我的评论就是：评论。我同意给定的实现很好(并且这么说)，但是在代码上方的第 1 点中，您写道 “cachedValue 变量根本不需要原子语义[因为]它受 <x1 > 标志。” 那不是真的。 cachedValue 不必是原子的，因为它受互斥体保护。正如我在下面对 Maxim Egorushkin 答案的评论中指出的那样，如果没有互斥锁，则 cacheValid 和 cachedValue 都必须是原子的。
@KnowItAllWannabe：表达式 return cachedValue; 不受互斥锁保护，因此不能说 cachedValue 变量受互斥锁保护。
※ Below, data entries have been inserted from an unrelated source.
text \<open>(3) \<Longrightarrow> (2): if the whole orbit closure consists of Banach proximal pairs, each set
  {d \<ge> \<epsilon>} is visited with zero frequency by every point, hence is null for every invariant
  measure; so every invariant measure, and therefore the support, lives on the diagonal.\<close>
lemma orbit_closure_BP_imp_supp_diagonal:
  fixes X :: "'a::metric_space set"
  assumes tds: "tds X T" and x: "x \<in> X" and y: "y \<in> X"
    and ZBP: "pair_orbit_closure T x y \<subseteq> BP X T"
  shows "supp_sys (pair_orbit_closure T x y) (map_prod T T) \<subseteq> {(z, z) | z. z \<in> X}"
proof -
  define Z where "Z = pair_orbit_closure T x y"
  define S where "S = map_prod T T"
  note sub = pair_orbit_closure_subsystem[OF tds x y, folded Z_def S_def]
  have Zc: "closed Z" using sub(1) by (rule compact_imp_closed)
  define D where "D = Z \<inter> {p. fst p = snd p}"
  have "emeasure \<mu> D = 1" if \<mu>inv: "\<mu> \<in> inv_measures Z S" for \<mu>
  proof -
    have \<mu>: "prob_space \<mu>" and s\<mu>: "sets \<mu> = sets (restrict_space borel Z)"
      using \<mu>inv unfolding inv_measures_def by auto
    show ?thesis unfolding D_def
    proof (rule measure_on_diagonal[OF \<mu> s\<mu> Zc])
      fix \<epsilon> :: real assume \<epsilon>: "\<epsilon> > 0"
      define F where "F = {p \<in> Z. dist (fst p) (snd p) \<ge> \<epsilon>}"
      have "F = Z \<inter> {p. dist (fst p) (snd p) \<ge> \<epsilon>}" unfolding F_def by auto
      then have "closed F" by (simp add: closed_Int Zc closed_Collect_le continuous_intros)
      then have "F \<in> sets \<mu>" unfolding s\<mu> by (rule closed_restrict_borel[OF _ _ Zc]) (simp add: F_def)
      then show "measure \<mu> {p \<in> Z. dist (fst p) (snd p) \<ge> \<epsilon>} = 0"
        unfolding F_def[symmetric]
      proof (rule invariant_measure_null_if_rare_visits[OF \<mu>inv])
        fix z assume z: "z \<in> Z"
        obtain u v where uv: "z = (u, v)" by fastforce
        have "banach_proximal T u v" using ZBP z unfolding Z_def uv BP_def by auto
        then have "banach_density_one {n. dist ((T ^^ n) u) ((T ^^ n) v) < \<epsilon>}"
          unfolding banach_proximal_def using \<epsilon> by blast
        moreover have "{m \<in> {..<n}. (S ^^ m) z \<in> F} = {..<n} - {n. dist ((T ^^ n) u) ((T ^^ n) v) < \<epsilon>}"
          for n using funpow_in[OF sub(4) z] unfolding F_def S_def uv funpow_map_prod by auto
        ultimately show "(\<lambda>n. real (card {m \<in> {..<n}. (S ^^ m) z \<in> F}) / real n) \<longlonglongrightarrow> 0"
          using banach_density_one_initial_frequency by simp
      qed
    qed
  qed
  moreover have "closed D" unfolding D_def by (intro closed_Int Zc closed_Collect_eq continuous_intros)
  ultimately have "supp_sys Z S \<subseteq> D" unfolding supp_sys_def by (intro Inter_lower) (auto simp: D_def)
  also have "D \<subseteq> {(z, z) | z. z \<in> X}" unfolding D_def using sub(2) by force
  finally show ?thesis unfolding Z_def S_def .
qed

text \<open>A compact set disjoint from the support has measure zero for every invariant measure:
  it is covered by finitely many complements of closed sets of full invariant measure.\<close>
lemma invariant_measure_null_off_supp:
  fixes Z F :: "'b::topological_space set"
  assumes \<mu>inv: "\<mu> \<in> inv_measures Z S" and cF: "compact F" and FS: "F \<in> sets \<mu>"
    and disj: "F \<inter> supp_sys Z S = {}"
  shows "measure \<mu> F = 0"
proof -
  have \<mu>: "prob_space \<mu>" using \<mu>inv unfolding inv_measures_def by auto
  interpret \<mu>: prob_space \<mu> by (rule \<mu>)
  define \<C> where "\<C> = {C. closed C \<and> C \<subseteq> Z \<and> (\<forall>\<nu>\<in>inv_measures Z S. emeasure \<nu> C = 1)}"
  have "F \<subseteq> \<Union> (uminus ` \<C>)" using disj unfolding supp_sys_def \<C>_def by blast
  moreover have "\<forall>U\<in>uminus ` \<C>. open U" unfolding \<C>_def by (auto simp: open_Compl)
  ultimately obtain \<C>' where C': "\<C>' \<subseteq> uminus ` \<C>" "finite \<C>'" "F \<subseteq> \<Union>\<C>'"
    using compactE[OF cF] by metis
  have "AE z in \<mu>. z \<notin> U" if "U \<in> \<C>'" for U
  proof -
    obtain C where C: "C \<in> \<C>" "U = - C" using C'(1) \<open>U \<in> \<C>'\<close> by blast
    then have "emeasure \<mu> C = 1" using \<mu>inv unfolding \<C>_def by blast
    then have "measure \<mu> C = 1" by (simp add: \<mu>.emeasure_eq_measure)
    then show ?thesis using \<mu>.AE_prob_1 C(2) by simp
  qed
  then have "AE z in \<mu>. \<forall>U\<in>\<C>'. z \<notin> U" by (subst AE_finite_all[OF C'(2)]) blast
  then have "AE z in \<mu>. z \<notin> F" by (rule eventually_mono) (use C'(3) in blast)
  then have "F \<in> null_sets \<mu>" using FS AE_iff_null_sets by blast
  then show ?thesis by (simp add: \<mu>.emeasure_eq_measure null_sets_def)
qed

lemma sparse_windows:
  assumes "\<not> banach_density_one A"
  shows "\<exists>c::real. c < 1 \<and> (\<exists>a n. \<forall>k. Suc k \<le> n k \<and>
           real (card (A \<inter> {a k..<a k + n k})) < c * real (n k))"
proof -
  have "\<exists>c::real. c < 1 \<and> (\<forall>N\<ge>1. \<exists>a n. n \<ge> N \<and> \<not> real (card (A \<inter> {a..<a+n})) \<ge> c * real n)"
    using assms unfolding banach_density_one_def by blast
  then obtain c :: real where c: "c < 1"
    and sparse: "\<forall>N\<ge>1. \<exists>a n. n \<ge> N \<and> real (card (A \<inter> {a..<a+n})) < c * real n"
    by (auto simp: not_le)
  have "\<forall>k. \<exists>p. Suc k \<le> snd p \<and> real (card (A \<inter> {fst p..<fst p + snd p})) < c * real (snd p)"
    using sparse by fastforce
  from choice[OF this] obtain p where
    "\<forall>k. Suc k \<le> snd (p k) \<and> real (card (A \<inter> {fst (p k)..<fst (p k) + snd (p k)})) < c * real (snd (p k))"
    by blast
  then show ?thesis using c by (intro exI[of _ c] conjI exI[of _ "fst \<circ> p"] exI[of _ "snd \<circ> p"]) auto
qed

text \<open>(2) \<Longrightarrow> (1): if (x, y) is not Banach proximal, there are \<epsilon> > 0, \<delta> > 0 and arbitrarily
  long windows in which the orbit spends a fraction \<ge> \<delta> of the time in the compact set
  F = {d \<ge> \<epsilon>} of the orbit closure.  Krylov--Bogolyubov then yields an invariant measure
  charging F, so F meets the support, which therefore leaves the diagonal.\<close>
lemma supp_diagonal_imp_banach_proximal:
  fixes X :: "'a::metric_space set"
  assumes tds: "tds X T" and x: "x \<in> X" and y: "y \<in> X"
    and supp: "supp_sys (pair_orbit_closure T x y) (map_prod T T) \<subseteq> {(z, z) | z. z \<in> X}"
  shows "banach_proximal T x y"
proof (rule ccontr)
  define Near where "Near \<epsilon> = {n. dist ((T ^^ n) x) ((T ^^ n) y) < \<epsilon>}" for \<epsilon>
  assume "\<not> banach_proximal T x y"
  then obtain \<epsilon> where \<epsilon>: "\<epsilon> > 0" and "\<not> banach_density_one (Near \<epsilon>)"
    unfolding banach_proximal_def Near_def by blast
  then obtain c :: real and a n where c: "c < 1" and long: "\<And>k. Suc k \<le> n k"
    and few: "\<And>k. real (card (Near \<epsilon> \<inter> {a k..<a k + n k})) < c * real (n k)"
    using sparse_windows by blast
  define Z where "Z = pair_orbit_closure T x y"
  define S where "S = map_prod T T"
  define w where "w m = ((T ^^ m) x, (T ^^ m) y)" for m
  note sub = pair_orbit_closure_subsystem[OF tds x y, folded Z_def S_def]
  have wZ: "w m \<in> Z" for m unfolding w_def by (rule sub(5))
  have wS: "S (w m) = w (Suc m)" for m unfolding S_def w_def by simp
  define F where "F = Z \<inter> {p. dist (fst p) (snd p) \<ge> \<epsilon>}"
  have Zc: "closed Z" using sub(1) by (rule compact_imp_closed)
  have Fc: "closed F" unfolding F_def by (intro closed_Int Zc closed_Collect_le continuous_intros)
  have FZ: "F \<subseteq> Z" unfolding F_def by blast
  have freq: "(1 - c) * real (n k) \<le> real (card {m \<in> {a k..<a k + n k}. w m \<in> F})" for k
  proof -
    define I where "I = {a k..<a k + n k}"
    have "{m \<in> I. w m \<in> F} = I - Near \<epsilon>" unfolding F_def Near_def using wZ by (auto simp: w_def)
    then have "card {m \<in> I. w m \<in> F} = card I - card (Near \<epsilon> \<inter> I)"
      by (simp add: card_Diff_subset_Int Int_commute I_def)
    moreover have "card (Near \<epsilon> \<inter> I) \<le> card I" by (rule card_mono) (auto simp: I_def)
    ultimately have "real (card {m \<in> I. w m \<in> F}) = real (n k) - real (card (Near \<epsilon> \<inter> I))"
      by (simp add: of_nat_diff I_def)
    then show ?thesis using few[of k] unfolding I_def by (simp add: algebra_simps Int_commute)
  qed
  obtain \<mu> where \<mu>inv: "\<mu> \<in> inv_measures Z S" and charge: "measure \<mu> F \<ge> 1 - c"
    using krylov_bogolyubov_windows[OF sub(1,3,4) wZ wS long Fc FZ freq] by blast
  have "F \<inter> supp_sys Z S \<subseteq> F \<inter> {(z, z) | z. z \<in> X}"
    using supp unfolding Z_def S_def by (rule Int_mono[OF subset_refl])
  also have "\<dots> = {}" unfolding F_def using \<epsilon> by auto
  finally have "F \<inter> supp_sys Z S = {}" by blast
  moreover have "F \<in> sets \<mu>"
    using \<mu>inv closed_restrict_borel[OF Fc FZ Zc] unfolding inv_measures_def by simp
  moreover have "compact F" using compact_Int_closed[OF sub(1) Fc] FZ by (simp add: Int_absorb1)
  ultimately have "measure \<mu> F = 0" using invariant_measure_null_off_supp[OF \<mu>inv] by blast
  then show False using charge c by simp
qed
互斥锁只保护一些访问，并防止并发写入。
return 语句是读取。同时读取不是问题，因此不需要保护。
@KnowItAllWannabe：不，只有当对该变量的所有访问都在互斥锁锁定的情况下执行时，才说对该变量的访问受到互斥锁的保护。如果没有对 cacheValid 变量的适当访问，给定的示例将在 cachedValue 变量上运行(并且损坏)。

您可以通过降低内存排序要求来稍微提高解决方案的效率。这里不需要原子操作的默认顺序一致性内存顺序。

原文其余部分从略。